It’s a familiar story…
A financial firm fails and threatens an important economic sector. The government steps in. Instead of directly bailing out shareholders, regulators sell assets with value to a competitor, and taxpayers cover losses on bad assets.
It’s the story of Bear Stearns and other major financial firms around the world in 2008. It’s also the story that’s unfolding in Italy right now.
Italian regulators bailed out Veneto Banca and Banca Popolare di Vicenza to avoid a crisis in its industrial heartland in the northeast region of the country.
This is Italy’s second major bailout within six months. At the end of last year, the country announced a rescue of the world’s oldest bank, Monte dei Paschi di Siena. That deal was completed last week, days before the second bailout was announced.
You might think stocks would drop on all the bad news. But that’s not what happened. Investors like to pretend problems don’t exist until they become too large to ignore. This was true in 2008 when multiple financial firms failed before the market crashed. It’s true now in Italy.
Europe’s Bubble Trouble
Investors are ignoring the risks, which has pushed the country’s benchmark stock market index into bubble territory. This is shown in the chart below.
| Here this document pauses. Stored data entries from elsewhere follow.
lemma sigma_of_eqI:
  assumes "f \<in> space M \<rightarrow> space N" "g \<in> space M \<rightarrow> space N'"
    and "\<phi> \<in> measurable N' N" "\<And>x. x \<in> space M \<Longrightarrow> f x = \<phi> (g x)"
    and "\<psi> \<in> measurable N N'" "\<And>x. x \<in> space M \<Longrightarrow> g x = \<psi> (f x)"
  shows "sigma_of M N f = sigma_of M N' g"
proof (rule measure_eqI)
  have "sets (sigma_of M N f) \<subseteq> sets (sigma_of M N' g)"
    using assms(1-4) by (rule sets_sigma_of_subset)
  moreover have "sets (sigma_of M N' g) \<subseteq> sets (sigma_of M N f)"
    using assms(2,1,5,6) by (rule sets_sigma_of_subset)
  ultimately show "sets (sigma_of M N f) = sets (sigma_of M N' g)"
    by (rule antisym)
qed (simp add: sigma_of_def vimage_algebra_def emeasure_sigma)

lemma sets_sigma_of_Pair:
  assumes "f \<in> space M \<rightarrow> space N" "g \<in> space M \<rightarrow> space L"
  shows "sets (sigma_of M (N \<Otimes>\<^sub>M L) (\<lambda>x. (f x, g x)))
    = sigma_sets (space M) {f -` a \<inter> g -` b \<inter> space M | a b. a \<in> sets N \<and> b \<in> sets L}"
proof -
  have fg: "(\<lambda>x. (f x, g x)) \<in> space M \<rightarrow> space N \<times> space L"
    using assms by auto
  have "sets (sigma_of M (N \<Otimes>\<^sub>M L) (\<lambda>x. (f x, g x)))
      = {(\<lambda>x. (f x, g x)) -` S \<inter> space M | S. S \<in> sets (N \<Otimes>\<^sub>M L)}"
    unfolding sigma_of_def using fg by (intro sets_vimage_algebra2) (simp add: space_pair_measure)
  also have "\<dots> = sigma_sets (space M)
      {(\<lambda>x. (f x, g x)) -` S \<inter> space M | S. S \<in> {a \<times> b | a b. a \<in> sets N \<and> b \<in> sets L}}"
    unfolding sets_pair_measure by (rule sigma_sets_vimage_commute[OF fg])
  also have "{(\<lambda>x. (f x, g x)) -` S \<inter> space M | S. S \<in> {a \<times> b | a b. a \<in> sets N \<and> b \<in> sets L}}
      = {f -` a \<inter> g -` b \<inter> space M | a b. a \<in> sets N \<and> b \<in> sets L}"
  proof -
    have "(\<lambda>x. (f x, g x)) -` (a \<times> b) = f -` a \<inter> g -` b" for a b
      by auto
    then show ?thesis
      by (auto 0 4)
  qed
  finally show ?thesis .
qed

lemma Int_stable_vimage_rectangles:
  "Int_stable {f -` a \<inter> g -` b \<inter> X | a b. a \<in> sets N \<and> b \<in> sets L}"
proof (rule Int_stableI)
  fix S T assume "S \<in> {f -` a \<inter> g -` b \<inter> X | a b. a \<in> sets N \<and> b \<in> sets L}"
    and "T \<in> {f -` a \<inter> g -` b \<inter> X | a b. a \<in> sets N \<and> b \<in> sets L}"
  then obtain a b a' b' where "S = f -` a \<inter> g -` b \<inter> X" "T = f -` a' \<inter> g -` b' \<inter> X"
    and "a \<in> sets N" "b \<in> sets L" "a' \<in> sets N" "b' \<in> sets L"
    by blast
  then have "S \<inter> T = f -` (a \<inter> a') \<inter> g -` (b \<inter> b') \<inter> X" "a \<inter> a' \<in> sets N" "b \<inter> b' \<in> sets L"
    by auto
  then show "S \<inter> T \<in> {f -` a \<inter> g -` b \<inter> X | a b. a \<in> sets N \<and> b \<in> sets L}"
    by blast
qed

section \<open>Conditional expectation\<close>

lemma borel_measurable_cond_exp_vec [measurable]:
  "cond_exp_vec M F X \<in> borel_measurable F" "cond_exp_vec M F X \<in> borel_measurable M"
  by (auto simp: cond_exp_vec_def intro!: borel_measurable_vec_componentwise)

lemma (in prob_space) square_integrable_real_cond_exp:
  assumes "subalgebra M F" "square_integrable M f"
  shows "square_integrable M (real_cond_exp M F f)"
proof -
  interpret F: sigma_finite_subalgebra M F
    using assms(1) by (rule subalgebra_imp_sigma_finite_subalgebra)
  have "integrable M (\<lambda>x. (real_cond_exp M F f x)\<^sup>2)"
    using assms(2) square_integrable_integrable[OF assms(2)]
    by (intro F.integrable_convex_cond_exp[where I=UNIV]) (auto simp: square_integrable_real convex_power2)
  then show ?thesis
    by (simp add: square_integrable_real)
qed

lemma (in prob_space) square_integrable_cond_residual:
  "subalgebra M F \<Longrightarrow> square_integrable M f \<Longrightarrow> square_integrable M (\<lambda>x. f x - real_cond_exp M F f x)"
  by (intro square_integrable_diff square_integrable_real_cond_exp)

lemma (in prob_space) square_integrable_cond_exp_vec:
  "subalgebra M F \<Longrightarrow> square_integrable M X \<Longrightarrow> square_integrable M (cond_exp_vec M F X)"
  using square_integrable_real_cond_exp by (simp add: square_integrable_vec_iff cond_exp_vec_def)

lemma (in sigma_finite_subalgebra) real_cond_exp_mult_residual:
  assumes [measurable]: "g \<in> borel_measurable F"
    and f: "integrable M f" and gf: "integrable M (\<lambda>x. g x * (f x - real_cond_exp M F f x))"
  shows "AE x in M. real_cond_exp M F (\<lambda>x. g x * (f x - real_cond_exp M F f x)) x = 0"
proof -
  have [measurable]: "f \<in> borel_measurable M"
    using f by auto
  have "AE x in M. real_cond_exp M F (\<lambda>x. g x * (f x - real_cond_exp M F f x)) x
      = g x * real_cond_exp M F (\<lambda>x. f x - real_cond_exp M F f x) x"
    using gf by (intro real_cond_exp_mult) auto
  moreover have "AE x in M. real_cond_exp M F (\<lambda>x. f x - real_cond_exp M F f x) x
      = real_cond_exp M F f x - real_cond_exp M F (real_cond_exp M F f) x"
    using f by (intro real_cond_exp_diff real_cond_exp_int(1))
  moreover have "AE x in M. real_cond_exp M F (real_cond_exp M F f) x = real_cond_exp M F f x"
    using f by (intro real_cond_exp_F_meas real_cond_exp_int(1)) auto
  ultimately show ?thesis
    by eventually_elim simp
qed

lemma (in prob_space) real_cond_exp_nested_zero:
  assumes subH: "subalgebra M H" and subF: "subalgebra H F" and h: "integrable M h"
    and zero: "AE x in M. real_cond_exp M H h x = 0"
  shows "AE x in M. real_cond_exp M F h x = 0"
proof -
  interpret F: sigma_finite_subalgebra M F
    using subH subF by (intro subalgebra_imp_sigma_finite_subalgebra) (auto simp: subalgebra_def)
  have "AE x in M. real_cond_exp M F (real_cond_exp M H h) x = real_cond_exp M F (\<lambda>x. 0) x"
    using zero by (intro F.real_cond_exp_cong) auto
  moreover have "AE x in M. real_cond_exp M F (\<lambda>x. 0::real) x = 0"
    by (intro F.real_cond_exp_F_meas) auto
  ultimately show ?thesis
    using F.real_cond_exp_nested_subalg[OF subH subF h] by eventually_elim simp
qed

lemma integrable_imp_set_integrable:
  fixes f :: "'a \<Rightarrow> 'b::{banach, second_countable_topology}"
  shows "A \<in> sets M \<Longrightarrow> integrable M f \<Longrightarrow> set_integrable M A f"
  unfolding set_integrable_def by (rule integrable_mult_indicator)

lemma set_integral_zero_on_sigma_sets:
  fixes f :: "'a \<Rightarrow> 'b::{banach, second_countable_topology}"
  assumes E: "Int_stable E" "E \<subseteq> sets M" "space M \<in> E" and f: "integrable M f"
    and zero: "\<And>S. S \<in> E \<Longrightarrow> (\<integral>x\<in>S. f x \<partial>M) = 0"
    and S: "S \<in> sigma_sets (space M) E"
  shows "(\<integral>x\<in>S. f x \<partial>M) = 0"
proof -
  have sets: "sigma_sets (space M) E \<subseteq> sets M"
    using E(2) by (rule sets.sigma_sets_subset)
  note int = integrable_imp_set_integrable[OF _ f]
  have "E \<subseteq> Pow (space M)"
    using E(2) sets.sets_into_space by blast
  from E(1) this S show ?thesis
  proof (induction rule: sigma_sets_induct_disjoint)
    case (basic S)
    then show ?case by (rule zero)
  next
    case empty
    then show ?case by (simp add: set_lebesgue_integral_def)
  next
    case (compl S)
    have "S \<in> sets M"
      using compl.hyps sets by blast
    then have "(\<integral>x\<in>space M. f x \<partial>M) = (\<integral>x\<in>(space M - S) \<union> S. f x \<partial>M)"
      by (simp add: Un_absorb2 sets.sets_into_space)
    also have "\<dots> = (\<integral>x\<in>space M - S. f x \<partial>M) + (\<integral>x\<in>S. f x \<partial>M)"
      using \<open>S \<in> sets M\<close> by (intro set_integral_Un int) auto
    finally show ?case
      using compl.IH zero[OF E(3)] by simp
  next
    case (union S)
    have S: "range S \<subseteq> sets M"
      using union.hyps(2) sets by blast
    then have "(\<integral>x\<in>(\<Union>i. S i). f x \<partial>M) = (\<Sum>i. (\<integral>x\<in>S i. f x \<partial>M))"
      using union.hyps(1) sets.countable_UN[OF S]
      by (intro lebesgue_integral_countable_add int) (auto simp: disjoint_family_on_def)
    then show ?case
      using union.IH by simp
  qed
qed

lemma (in sigma_finite_subalgebra) real_cond_exp_charact_generator:
  assumes E: "Int_stable E" "E \<subseteq> sets M" "space M \<in> E" and sets_F: "sets F = sigma_sets (space M) E"
    and f: "integrable M f" and g: "integrable M g" "g \<in> borel_measurable F"
    and eq: "\<And>S. S \<in> E \<Longrightarrow> (\<integral>x\<in>S. f x \<partial>M) = (\<integral>x\<in>S. g x \<partial>M)"
  shows "AE x in M. real_cond_exp M F f x = g x"
proof (rule real_cond_exp_charact)
  have diff: "(\<integral>x\<in>S. f x - g x \<partial>M) = (\<integral>x\<in>S. f x \<partial>M) - (\<integral>x\<in>S. g x \<partial>M)" if "S \<in> sets M" for S
    using that f g(1) by (intro set_integral_diff(2) integrable_imp_set_integrable)
  have zero: "(\<integral>x\<in>S. f x - g x \<partial>M) = 0" if "S \<in> E" for S
  proof -
    have "S \<in> sets M"
      using that E(2) by blast
    then show ?thesis
      using diff eq[OF that] by simp
  qed
  fix S assume "S \<in> sets F"
  then have "S \<in> sets M"
    using subalg by (auto simp: subalgebra_def)
  have "S \<in> sigma_sets (space M) E"
    using \<open>S \<in> sets F\<close> unfolding sets_F .
  then have "(\<integral>x\<in>S. f x - g x \<partial>M) = 0"
    using set_integral_zero_on_sigma_sets[OF E(1-3) Bochner_Integration.integrable_diff[OF f g(1)] zero]
    by blast
  then show "(\<integral>x\<in>S. f x \<partial>M) = (\<integral>x\<in>S. g x \<partial>M)"
    using diff[OF \<open>S \<in> sets M\<close>] by simp
qed (use f g in auto)

section \<open>Law of total variance\<close>

definition real_cond_var :: "'a measure \<Rightarrow> 'a measure \<Rightarrow> ('a \<Rightarrow> real) \<Rightarrow> 'a \<Rightarrow> real" where
  "real_cond_var M F f = real_cond_exp M F (\<lambda>x. (f x - real_cond_exp M F f x)\<^sup>2)"

lemma (in prob_space) real_cond_var_total:
  assumes subH: "subalgebra M H" and subF: "subalgebra H F" and f: "square_integrable M f"
  shows "AE x in M. real_cond_var M F f x
    = real_cond_exp M F (real_cond_var M H f) x + real_cond_var M F (real_cond_exp M H f) x"
proof -
  have sub: "subalgebra M F"
    using subH subF by (auto simp: subalgebra_def)
  interpret F: sigma_finite_subalgebra M F
    using sub by (rule subalgebra_imp_sigma_finite_subalgebra)
  interpret H: sigma_finite_subalgebra M H
    using subH by (rule subalgebra_imp_sigma_finite_subalgebra)
  define w where "w = real_cond_exp M H f"
  define c where "c = real_cond_exp M F f"
  define b where "b = (\<lambda>x. w x - c x)"
  have fw: "square_integrable M (\<lambda>x. f x - w x)"
    unfolding w_def using subH f by (rule square_integrable_cond_residual)
  have w: "square_integrable M w" and b: "square_integrable M b"
    unfolding b_def w_def c_def using subH sub f
    by (auto intro: square_integrable_diff square_integrable_real_cond_exp)
  have "c \<in> borel_measurable H"
    unfolding c_def using subF by (rule measurable_from_subalg) simp
  then have [measurable]: "b \<in> borel_measurable H"
    unfolding b_def w_def by measurable
  have ints: "integrable M (\<lambda>x. (f x - w x)\<^sup>2)" "integrable M (\<lambda>x. (b x)\<^sup>2)"
      "integrable M (\<lambda>x. 2 * b x * (f x - w x))"
    using fw b square_integrable_mult_integrable[OF square_integrable_lincomb[OF b b, of 1 1] fw]
    by (auto simp: square_integrable_real)
  have expand: "(\<lambda>x. (f x - c x)\<^sup>2) = (\<lambda>x. (f x - w x)\<^sup>2 + (2 * b x * (f x - w x) + (b x)\<^sup>2))"
    by (auto simp: b_def power2_eq_square algebra_simps)
  have "AE x in M. real_cond_exp M F (\<lambda>x. (f x - c x)\<^sup>2) x
      = real_cond_exp M F (\<lambda>x. (f x - w x)\<^sup>2) x
        + (real_cond_exp M F (\<lambda>x. 2 * b x * (f x - w x)) x + real_cond_exp M F (\<lambda>x. (b x)\<^sup>2) x)"
    unfolding expand using F.real_cond_exp_add[OF ints(1) Bochner_Integration.integrable_add[OF ints(3,2)]]
      F.real_cond_exp_add[OF ints(3,2)] by eventually_elim simp
  moreover have "AE x in M. real_cond_exp M F (\<lambda>x. (f x - w x)\<^sup>2) x
      = real_cond_exp M F (real_cond_var M H f) x"
    unfolding real_cond_var_def w_def using F.real_cond_exp_nested_subalg[OF subH subF ints(1)]
    by eventually_elim (simp add: w_def)
  moreover have "AE x in M. real_cond_exp M F (\<lambda>x. 2 * b x * (f x - w x)) x = 0"
    using subH subF ints(3) unfolding w_def
    by (rule real_cond_exp_nested_zero, intro H.real_cond_exp_mult_residual)
       (use ints(3) f square_integrable_integrable in \<open>auto simp: w_def\<close>)
  moreover have "AE x in M. real_cond_exp M F (\<lambda>x. (b x)\<^sup>2) x = real_cond_var M F w x"
  proof -
    have "AE x in M. real_cond_exp M F w x = c x"
      unfolding c_def w_def using subH subF f square_integrable_integrable
      by (intro F.real_cond_exp_nested_subalg) auto
    then show ?thesis
      unfolding real_cond_var_def using w b
      by (intro F.real_cond_exp_cong) (auto simp: b_def square_integrable_real elim!: eventually_mono)
  qed
  ultimately show ?thesis
    unfolding real_cond_var_def c_def w_def by eventually_elim simp
qed

lemma (in prob_space) cond_var_eq_sum_real_cond_var:
  assumes F: "subalgebra M F" and X: "square_integrable M X"
  shows "AE x in M. cond_var M F X x = (\<Sum>i\<in>UNIV. real_cond_var M F (\<lambda>x. X x $ i) x)"
proof -
  interpret F: sigma_finite_subalgebra M F
    using F by (rule subalgebra_imp_sigma_finite_subalgebra)
  have "square_integrable M (\<lambda>x. X x $ i - real_cond_exp M F (\<lambda>y. X y $ i) x)" for i
    using X by (intro square_integrable_cond_residual F) (simp add: square_integrable_vec_iff)
  then show ?thesis
    unfolding cond_var_def real_cond_var_def
    by (simp add: power2_norm_vec cond_exp_vec_def F.real_cond_exp_sum square_integrable_real)
qed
Of course, we can’t tell for sure that we’re in a bubble until after it pops. But from studying past bubbles, I found that when the annualized rate of change exceeds 30%, it’s time to expect a sell-off. Well, as the chart shows, it’s time to look for a sell-off in Italy.
But there are problems beyond the borders of Italy.
Greece avoided defaulting on its debt next month because the euro zone agreed to give the country enough money to meet its obligations. That’s like taking a cash advance on one credit card to make the minimum payment on another.
At the beginning of June, Spain’s fifth-largest bank failed. Spain’s largest bank, Santander, bought Banco Popular for €1. Banco Popular, with $100 billion in loans, never fully recovered from the subprime mortgage crisis of 2008.
Benchmark stock market indexes in Greece and Spain are also in bubble territory, with their annualized rate of change now topping 30%. The FTSE Eurotop 100 Index, a benchmark for the continent, is also flashing that same warning sign.
It is possible there are no problems below the surface of the European banking system. But those large bank failures are warning that all is not well. We know that it’s likely there are problems. The question is whether the stock market can shrug them off and continue higher.
The market has shrugged and rallied quite a few times in the past few years. But there will come a day when the stock market falls and a bear market begins. A crumbling financial system tells us the next global bear market could start in Europe.